Lasers can also be used effectively under water, counters Graves. The Macondo well, and ensuing disaster at Deepwater Horizon, could have been minimised with laser technology sent underwater on robots and used to cut off the flow almost immediately, she notes.

In fact, Graves’ point is to emphasise that lasers could be put to work on any rock or solid material encountered in the industry, whether shale, concrete, granite, concrete or metal. Every rock, however, will require a slightly different wavelength of light for the system to perform effectively, she notes. Laser beam delivery can be designed to spall, vaporise or melt the rock, and if there are drill cuttings created, then nitrogen or carbon dioxide are the optimum carrier fluids for removal.

In the oil and gas industry, Graves predicts that high-powered lasers will be in use commercially in about five years’ time, though she laughs and recalls that she said that in 2006 and again in 2011. “The technology is there, the science is there, but the industry has not motivation to develop it,” she says. “What do you do with the trillions of dollars invested in everything from platforms to logging tools?” she posits. “You’d be throwing out so much money.”

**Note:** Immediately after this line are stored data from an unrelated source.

(* Let $H$ be a graph and $q$ a positive integer. Then $H$ is cross-bipartite swapping in $K_q$ if and only if for all nonempty $A,B\subseteq V(K_q)$ with $A\subseteq B$, \[ \hom(H,K_q[A])\,\hom(H,K_q[B])\le\hom_{\mathrm b}(H\times K_2,K_q[A,B]). \]
   Context: $K_q$ is the loopless complete graph on $q$ vertices; $K_q[A]$ is the induced subgraph on $A$; $\hom$ counts homomorphisms. The tensor product $H\times K_2$ has vertex set $V(H)\times\{1,2\}$ with $(u,i)\sim(v,j)$ iff $uv\in E(H)$ and $i\ne j$. For $A,B\subseteq V(K_q)$, $\hom_{\mathrm b}(H\times K_2,K_q[A,B])$ is the number of homomorphisms $H\times K_2\to K_q$ mapping $V(H)\times\{1\}$ into $A$ and $V(H)\times\{2\}$ into $B$. $H$ is cross-bipartite swapping in $K_q$ if the displayed inequality holds for all $A,B\subseteq V(K_q)$. *)

theory Defs
  imports Main
begin

text \<open>Graphs: a finite vertex type 'v with an edge relation E (symmetric, irreflexive).
  K_q has vertex set {..<q}; homomorphisms into K_q[A] are maps into A sending
  adjacent vertices to distinct colours.\<close>

definition hom_K :: "('v \<Rightarrow> 'v \<Rightarrow> bool) \<Rightarrow> nat set \<Rightarrow> nat" where
  "hom_K E A = card {f :: 'v \<Rightarrow> nat. (\<forall>x. f x \<in> A) \<and> (\<forall>x y. E x y \<longrightarrow> f x \<noteq> f y)}"

text \<open>Tensor product H x K_2 with vertex set V(H) x {True, False} (True = side 1, False = side 2).\<close>
definition tensorK2 :: "('v \<Rightarrow> 'v \<Rightarrow> bool) \<Rightarrow> 'v \<times> bool \<Rightarrow> 'v \<times> bool \<Rightarrow> bool" where
  "tensorK2 E x y = (E (fst x) (fst y) \<and> snd x \<noteq> snd y)"

definition hom_b :: "('v \<Rightarrow> 'v \<Rightarrow> bool) \<Rightarrow> nat set \<Rightarrow> nat set \<Rightarrow> nat" where
  "hom_b E A B = card {g :: 'v \<times> bool \<Rightarrow> nat.
      (\<forall>v. g (v, True) \<in> A) \<and> (\<forall>v. g (v, False) \<in> B) \<and>
      (\<forall>x y. tensorK2 E x y \<longrightarrow> g x \<noteq> g y)}"

definition cross_bipartite_swapping :: "('v \<Rightarrow> 'v \<Rightarrow> bool) \<Rightarrow> nat \<Rightarrow> bool" where
  "cross_bipartite_swapping E q =
     (\<forall>A B. A \<subseteq> {..<q} \<longrightarrow> B \<subseteq> {..<q} \<longrightarrow> hom_K E A * hom_K E B \<le> hom_b E A B)"

end

theory Submission
  imports Defs
begin

text \<open>By the symmetry of \<open>hom_b\<close> in \<open>A\<close> and \<open>B\<close> we may assume \<open>|A| \<le> |B|\<close>. Exchange
  \<open>A - B\<close> for an equally large \<open>D \<subseteq> B - A\<close>: the set \<open>A' = (A \<inter> B) \<union> D\<close> is nested in \<open>B\<close>,
  so the hypothesis applies to \<open>(A', B)\<close>, and \<open>A'\<close> has as many colourings as \<open>A\<close>. A bijection
  \<open>s : A' \<rightarrow> A\<close> fixing \<open>A \<inter> B\<close> and sending \<open>D\<close> onto \<open>A - B\<close> never makes a colour of \<open>A'\<close>
  collide with a different colour of \<open>B\<close>, so relabelling side 1 by \<open>s\<close> embeds the
  homomorphisms counted by \<open>hom_b E A' B\<close> into those counted by \<open>hom_b E A B\<close>.\<close>

definition homs_K :: "('v \<Rightarrow> 'v \<Rightarrow> bool) \<Rightarrow> nat set \<Rightarrow> ('v \<Rightarrow> nat) set" where
  "homs_K E A = {f. (\<forall>x. f x \<in> A) \<and> (\<forall>x y. E x y \<longrightarrow> f x \<noteq> f y)}"

definition homs_b :: "('v \<Rightarrow> 'v \<Rightarrow> bool) \<Rightarrow> nat set \<Rightarrow> nat set \<Rightarrow> ('v \<times> bool \<Rightarrow> nat) set" where
  "homs_b E A B = {g. (\<forall>v. g (v, True) \<in> A) \<and> (\<forall>v. g (v, False) \<in> B) \<and>
      (\<forall>x y. tensorK2 E x y \<longrightarrow> g x \<noteq> g y)}"

lemma hom_K_eq_card_homs_K: "hom_K E A = card (homs_K E A)"
  by (simp add: hom_K_def homs_K_def)

lemma hom_b_eq_card_homs_b: "hom_b E A B = card (homs_b E A B)"
  by (simp add: hom_b_def homs_b_def)

lemma tensorK2_proper_iff:
  "(\<forall>x y. tensorK2 E x y \<longrightarrow> g x \<noteq> g y) \<longleftrightarrow>
    (\<forall>u w. E u w \<longrightarrow> g (u, True) \<noteq> g (w, False) \<and> g (u, False) \<noteq> g (w, True))"
  by (simp add: tensorK2_def split_paired_All all_bool_eq) blast

lemma mem_homs_b_iff:
  "g \<in> homs_b E A B \<longleftrightarrow> (\<forall>v. g (v, True) \<in> A) \<and> (\<forall>v. g (v, False) \<in> B) \<and>
    (\<forall>u w. E u w \<longrightarrow> g (u, True) \<noteq> g (w, False) \<and> g (u, False) \<noteq> g (w, True))"
  unfolding homs_b_def tensorK2_proper_iff by simp

lemma finite_funs_into:
  assumes "finite A"
  shows "finite {f :: 'a::finite \<Rightarrow> 'b. \<forall>x. f x \<in> A}"
  using finite_set_of_finite_funs[of "UNIV :: 'a set" A undefined] assms by simp

lemma finite_homs_K:
  "finite A \<Longrightarrow> finite (homs_K (E :: 'v::finite \<Rightarrow> 'v \<Rightarrow> bool) A)"
  by (rule finite_subset[OF _ finite_funs_into]) (auto simp: homs_K_def)

lemma finite_homs_b:
  assumes "finite A" "finite B"
  shows "finite (homs_b (E :: 'v::finite \<Rightarrow> 'v \<Rightarrow> bool) A B)"
proof (rule finite_subset[OF _ finite_funs_into[of "A \<union> B"]])
  show "homs_b E A B \<subseteq> {f. \<forall>x. f x \<in> A \<union> B}"
    by (auto simp: homs_b_def) (metis (full_types) UnI1 UnI2 prod.collapse)
qed (use assms in simp)

lemma hom_K_le_if_card_le:
  fixes E :: "'v::finite \<Rightarrow> 'v \<Rightarrow> bool"
  assumes "finite A" "finite A'" "card A \<le> card A'"
  shows "hom_K E A \<le> hom_K E A'"
proof -
  obtain h where h: "h ` A \<subseteq> A'" "inj_on h A"
    using card_le_inj[OF assms] by blast
  have "(\<circ>) h ` homs_K E A \<subseteq> homs_K E A'"
  proof
    fix f' assume "f' \<in> (\<circ>) h ` homs_K E A"
    then obtain f where f: "f \<in> homs_K E A" and f': "f' = h \<circ> f" by blast
    have "h (f x) \<noteq> h (f y)" if "E x y" for x y
      using f h(2) that by (auto simp: homs_K_def dest: inj_onD)
    then show "f' \<in> homs_K E A'"
      using f h(1) by (auto simp: homs_K_def f')
  qed
  moreover have "inj_on ((\<circ>) h) (homs_K E A)"
    using h(2) by (auto simp: homs_K_def inj_on_def fun_eq_iff)
  ultimately show ?thesis
    unfolding hom_K_eq_card_homs_K
    using card_inj_on_le finite_homs_K[OF assms(2)] by blast
qed

lemma hom_b_commute: "hom_b E A B = hom_b E B A"
proof -
  define swap where "swap g = (\<lambda>(v, b). g (v, \<not> b))" for g :: "'a \<times> bool \<Rightarrow> nat"
  have swap_swap: "swap (swap g) = g" for g
    by (simp add: swap_def case_prod_beta)
  have swap_homs_b: "swap ` homs_b E A B \<subseteq> homs_b E B A" for A B
    by (auto simp: mem_homs_b_iff swap_def)
  have "bij_betw swap (homs_b E A B) (homs_b E B A)"
    by (rule bij_betw_byWitness[where f' = swap]) (use swap_swap swap_homs_b in auto)
  then show ?thesis
    unfolding hom_b_eq_card_homs_b by (rule bij_betw_same_card)
qed

lemma hom_b_le_relabel:
  fixes E :: "'v::finite \<Rightarrow> 'v \<Rightarrow> bool"
  assumes "finite A2" "finite B" "inj_on s A1" "s ` A1 \<subseteq> A2"
    and fix_B: "\<And>a. a \<in> A1 \<Longrightarrow> s a \<in> B \<Longrightarrow> s a = a"
  shows "hom_b E A1 B \<le> hom_b E A2 B"
proof -
  define relabel where
    "relabel g = (\<lambda>(v, b). if b then s (g (v, b)) else g (v, b))" for g :: "'v \<times> bool \<Rightarrow> nat"
  have "relabel ` homs_b E A1 B \<subseteq> homs_b E A2 B"
  proof
    fix g' assume "g' \<in> relabel ` homs_b E A1 B"
    then obtain g where g: "g \<in> homs_b E A1 B" and g': "g' = relabel g" by blast
    have no_clash: "s a \<noteq> b" if "a \<in> A1" "b \<in> B" "a \<noteq> b" for a b
      using that fix_B by metis
    have "s (g (u, True)) \<noteq> g (w, False) \<and> g (u, False) \<noteq> s (g (w, True))" if "E u w" for u w
    proof -
      have "g (u, True) \<in> A1" "g (w, True) \<in> A1" "g (u, False) \<in> B" "g (w, False) \<in> B"
        "g (u, True) \<noteq> g (w, False)" "g (u, False) \<noteq> g (w, True)"
        using g that by (auto simp: mem_homs_b_iff)
      then show ?thesis using no_clash by metis
    qed
    then show "g' \<in> homs_b E A2 B"
      using g assms(4) by (auto simp: mem_homs_b_iff g' relabel_def)
  qed
  moreover have "inj_on relabel (homs_b E A1 B)"
  proof (rule inj_onI)
    fix g h assume g: "g \<in> homs_b E A1 B" and h: "h \<in> homs_b E A1 B"
      and eq: "relabel g = relabel h"
    show "g = h"
    proof
      fix p :: "'v \<times> bool"
      obtain v b where p: "p = (v, b)" by fastforce
      have "relabel g (v, b) = relabel h (v, b)" using eq by simp
      then show "g p = h p"
        using g h assms(3) unfolding p by (cases b) (auto simp: relabel_def mem_homs_b_iff inj_on_def)
    qed
  qed
  ultimately show ?thesis
    unfolding hom_b_eq_card_homs_b
    using card_inj_on_le finite_homs_b[OF assms(1,2)] by blast
qed

lemma obtain_subset_bij_fixing_common:
  assumes "finite A" "finite B" "card A \<le> card B"
  obtains A' s where "A' \<subseteq> B" "bij_betw s A' A" "\<And>a. a \<in> A' \<Longrightarrow> s a \<in> B \<Longrightarrow> s a = a"
proof -
  have "card A = card (A \<inter> B) + card (A - B)" "card B = card (A \<inter> B) + card (B - A)"
    using card_Int_Diff[OF assms(1), of B] card_Int_Diff[OF assms(2), of A]
    by (simp_all add: Int_commute)
  then have "card (A - B) \<le> card (B - A)"
    using assms(3) by linarith
  then obtain D where D: "D \<subseteq> B - A" "card D = card (A - B)"
    by (rule obtain_subset_with_card_n)
  then have "finite D"
    using assms(2) finite_subset by blast
  then obtain t where t: "bij_betw t D (A - B)"
    using finite_same_card_bij[OF _ _ D(2)] assms(1) by blast
  define s where "s x = (if x \<in> D then t x else x)" for x
  have "bij_betw s (A \<inter> B) (A \<inter> B)"
    by (rule bij_betw_cong[THEN iffD1, OF _ bij_betw_id]) (use D in \<open>auto simp: s_def\<close>)
  moreover have "bij_betw s D (A - B)"
    using t by (rule bij_betw_cong[THEN iffD2, rotated]) (simp add: s_def)
  ultimately have "bij_betw s ((A \<inter> B) \<union> D) ((A \<inter> B) \<union> (A - B))"
    by (rule bij_betw_combine) (use D in auto)
  moreover have "(A \<inter> B) \<union> (A - B) = A" by blast
  moreover have "s a = a" if "a \<in> (A \<inter> B) \<union> D" "s a \<in> B" for a
    using that bij_betwE[OF t] by (auto simp: s_def split: if_splits)
  ultimately show ?thesis
    using that[of "(A \<inter> B) \<union> D" s] D(1) by auto
qed

lemma hom_K_mult_le_hom_b_if_card_le:
  fixes E :: "'v::finite \<Rightarrow> 'v \<Rightarrow> bool"
  assumes nested: "\<forall>A B. A \<noteq> {} \<longrightarrow> A \<subseteq> B \<longrightarrow> B \<subseteq> {..<q} \<longrightarrow>
        hom_K E A * hom_K E B \<le> hom_b E A B"
    and "A \<subseteq> {..<q}" "B \<subseteq> {..<q}" "card A \<le> card B"
  shows "hom_K E A * hom_K E B \<le> hom_b E A B"
proof (cases "A = {}")
  case True
  then show ?thesis by (simp add: hom_K_def)
next
  case False
  have fin: "finite A" "finite B"
    using assms(2,3) finite_subset by blast+
  obtain A' s where A': "A' \<subseteq> B" "bij_betw s A' A" and fix_B: "\<And>a. a \<in> A' \<Longrightarrow> s a \<in> B \<Longrightarrow> s a = a"
    using obtain_subset_bij_fixing_common[OF fin assms(4)] by blast
  have "finite A'"
    using A'(1) fin(2) finite_subset by blast
  moreover have "card A' = card A"
    using A'(2) by (rule bij_betw_same_card)
  moreover have "A' \<noteq> {}"
    using A'(2) False by (auto simp: bij_betw_def)
  ultimately have "hom_K E A * hom_K E B \<le> hom_K E A' * hom_K E B"
    using hom_K_le_if_card_le[OF fin(1), of A' E] by simp
  also have "\<dots> \<le> hom_b E A' B"
    using nested \<open>A' \<noteq> {}\<close> A'(1) assms(3) by blast
  also have "\<dots> \<le> hom_b E A B"
    using bij_betw_imp_surj_on[OF A'(2)]
    by (intro hom_b_le_relabel[OF fin bij_betw_imp_inj_on[OF A'(2)] _ fix_B]) simp_all
  finally show ?thesis .
qed

text \<open>None of the hypotheses on \<open>E\<close> and \<open>q\<close> is needed; in particular swapping the two
  sides of \<open>H \<times> K\<^sub>2\<close> needs no symmetry of \<open>E\<close>.\<close>

theorem lemma6p1:
  fixes E :: "'v::finite \<Rightarrow> 'v \<Rightarrow> bool" and q :: nat
  assumes "\<And>x y. E x y \<Longrightarrow> E y x" and "\<And>x. \<not> E x x" and "0 < q"
  shows "cross_bipartite_swapping E q \<longleftrightarrow>
    (\<forall>A B. A \<noteq> {} \<longrightarrow> A \<subseteq> B \<longrightarrow> B \<subseteq> {..<q} \<longrightarrow>
        hom_K E A * hom_K E B \<le> hom_b E A B)"
    (is "_ \<longleftrightarrow> ?nested")
proof
  assume "cross_bipartite_swapping E q"
  then show ?nested
    unfolding cross_bipartite_swapping_def by blast
next
  assume nested: ?nested
  have "hom_K E A * hom_K E B \<le> hom_b E A B" if "A \<subseteq> {..<q}" "B \<subseteq> {..<q}" for A B
  proof (cases "card A \<le> card B")
    case True
    then show ?thesis using hom_K_mult_le_hom_b_if_card_le[OF nested that] by blast
  next
    case False
    then have "hom_K E B * hom_K E A \<le> hom_b E B A"
      using hom_K_mult_le_hom_b_if_card_le[OF nested that(2,1)] by simp
    then show ?thesis by (simp add: hom_b_commute mult.commute)
  qed
  then show "cross_bipartite_swapping E q"
    unfolding cross_bipartite_swapping_def by blast
qed

end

Be that as it may, the current downturn in oil and gas may help. “You have to get creative to make money,” Graves says. Initially, she suggests that high-powered lasers could most likely be used for smaller jobs – such as cutting a hole in a well to sidetrack, perhaps if a tool is stuck down-hole, for perforating casing, or cutting windows.

Indeed, InnovOil would suggest that decommissioning operations in particular, whether removing subsea structures or section milling during plugging and abandonment (P&A), could benefit from the precision and power offered by laser technology. The problem, as ever, is that it is not a technology to which the industry is yet accustomed.
In that sense, lasers may still be “a solution looking for a problem” – but the industry has no shortage of the latter. Perhaps it is time this cutting-edge technology was finally put to the cutting edge in earnest.